Abstract
The outbreak of the COVID-19 pandemic in China has become an urgent health and economic challenge. The objective of the current work was to evaluate the efficacy of the combined complex of Sitagliptin (SIT) with melittin (MEL) against SARS-CoV-2 virus. SIT-MEL nano-conjugates were optimized by a full three-factor bi-level (23) factorial design. In addition, SIT concentration (mM, X1), MEL concentration (mM, X2), and pH (X3) were selected as the critical factors. Particle size (nm, Y1) and zeta potential (mV, Y2) were assessed as responses. Characterization of the optimized formula for Fourier-transformed infrared (FTIR) was carried out. The optimized formula showed particle size and zeta potential values of 77.42 nm and 27.67 mV, respectively. When compared with SIT and MEL, the combination of SIT-MEL complex has shown anti-viral potential against isolate of SARS-CoV-2 with IC50 values of 8.439 μM with significant improvement (p < 0.001). In addition, the complex showed IC50 in vitro 3CL-protease inhibition with IC50 7.216 µM. Molecular docking has revealed that formula components have good predicted pocket accommodation of the SARS-CoV-2 3-CL protease. An optimized formulation of SIT-MEL could guarantee both enhanced delivery to the target cells and the enhanced cellular uptake with promising activities against SARS-CoV-2.
Highlights
Owing to its epidemic levels, the recent outbreak of COVID-19 in China has emerged as an urgent health and economic challenge [1,2]
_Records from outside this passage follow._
lemma inner_Fvec_diff:
  "(Fvec dJ \<phi> a x y - Fvec dJ \<phi> b x y) \<bullet> (a - b)
    = (Fgame dJ (zvec \<phi> a x) y - Fgame dJ (zvec \<phi> b x) y) \<bullet> (zvec \<phi> a x - zvec \<phi> b x)"
  unfolding Fvec_diff zvec_diff by (rule inner_vec_scaleR)

lemma bbA_eq_INT:
  "bbA M X Y h \<phi> R = (\<Inter>i. (\<lambda>a. a$i) -` {c \<in> cball 0 R. hbar M X Y h \<phi> i c \<le> 0})"
  unfolding bbA_def by auto

locale basis_expansion_game = prob_space M
  for M :: "'w measure" and X :: "'w \<Rightarrow> 'x::euclidean_space" and Y :: "'w \<Rightarrow> 'y::euclidean_space"
    and Xs :: "'x set" and Ys :: "'y set"
    and \<phi> :: "'d::finite \<Rightarrow> 'x \<Rightarrow> real"
    and dJ :: "'N::finite \<Rightarrow> real \<Rightarrow> 'y \<Rightarrow> real^'N \<Rightarrow> real"
    and h :: "'N \<Rightarrow> real \<Rightarrow> 'y \<Rightarrow> real"
    and R L_F L_h :: real +
  assumes Xs_compact: "compact Xs"
    and X_in: "\<And>\<omega>. \<omega> \<in> space M \<Longrightarrow> X \<omega> \<in> Xs"
    and Y_in: "\<And>\<omega>. \<omega> \<in> space M \<Longrightarrow> Y \<omega> \<in> Ys"
    and \<phi>_cont: "\<And>l. continuous_on Xs (\<phi> l)"
    and F_meas: "\<And>a. (\<forall>i. a$i \<in> cball 0 R) \<Longrightarrow>
                   (\<lambda>\<omega>. Fvec dJ \<phi> a (X \<omega>) (Y \<omega>)) \<in> borel_measurable M"
    and h_meas: "\<And>i c. c \<in> cball 0 R \<Longrightarrow>
                   (\<lambda>\<omega>. h i (zhat \<phi> c (X \<omega>)) (Y \<omega>)) \<in> borel_measurable M"
    and A2_F_lip: "\<And>y. y \<in> Ys \<Longrightarrow> lipschitz_on L_F (Zhat \<phi> R Xs) (\<lambda>z. Fgame dJ z y)"
    and A2_h_lip: "\<And>i y. y \<in> Ys \<Longrightarrow> lipschitz_on L_h (Zhat_i \<phi> R Xs) (\<lambda>w. h i w y)"
    and A2_bdd: "\<exists>z\<in>Zhat \<phi> R Xs. bounded ((\<lambda>y. Fgame dJ z y) ` Ys) \<and>
                   (\<forall>i. bounded ((\<lambda>y. h i (z$i) y) ` Ys))"
    and A3_mono: "\<And>y z z'. y \<in> Ys \<Longrightarrow> z \<in> Zhat \<phi> R Xs \<Longrightarrow> z' \<in> Zhat \<phi> R Xs \<Longrightarrow>
                   (Fgame dJ z y - Fgame dJ z' y) \<bullet> (z - z') \<ge> 0"
    and A3_convex: "\<And>i y. y \<in> Ys \<Longrightarrow> convex_on (Zhat_i \<phi> R Xs) (\<lambda>w. h i w y)"
begin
Identifying the formulation and process factors that could contribute to the drug delivery system attributes is pivotal in the field of developing pharmaceutical formulations
Analysis of Variance (ANOVA) was used to examine the significance of the studied variables
Summary
Owing to its epidemic levels, the recent outbreak of COVID-19 in China has emerged as an urgent health and economic challenge [1,2]. The new serious acute respiratory syndrome coronavirus 2 triggers COVID-19 (SARS-CoV-2) [3]. A meta-analysis suggested that the most common cardiometabolic comorbidities in COVID-19 hospitalized patients were hypertension, cardiovascular (CV) disease, and diabetes [7]. Arterial hypertension was confirmed by the first large cohort of hospitalized COVID-19 patients in Europe, followed by chronic heart disease and diabetes as the major comorbidities upon hospitalization [8,9], whereas the most common comorbidities were hypertension, obesity and diabetes in the intensive care unit (ICU) [10,11,12]. Recent studies indicate that even in younger patients, obesity can be associated with increased COVID-19 severity [13,14]. SIT may enhance glycol-metabolic regulation, which might gain from the clinical progression antagonism of COVID-19 [17]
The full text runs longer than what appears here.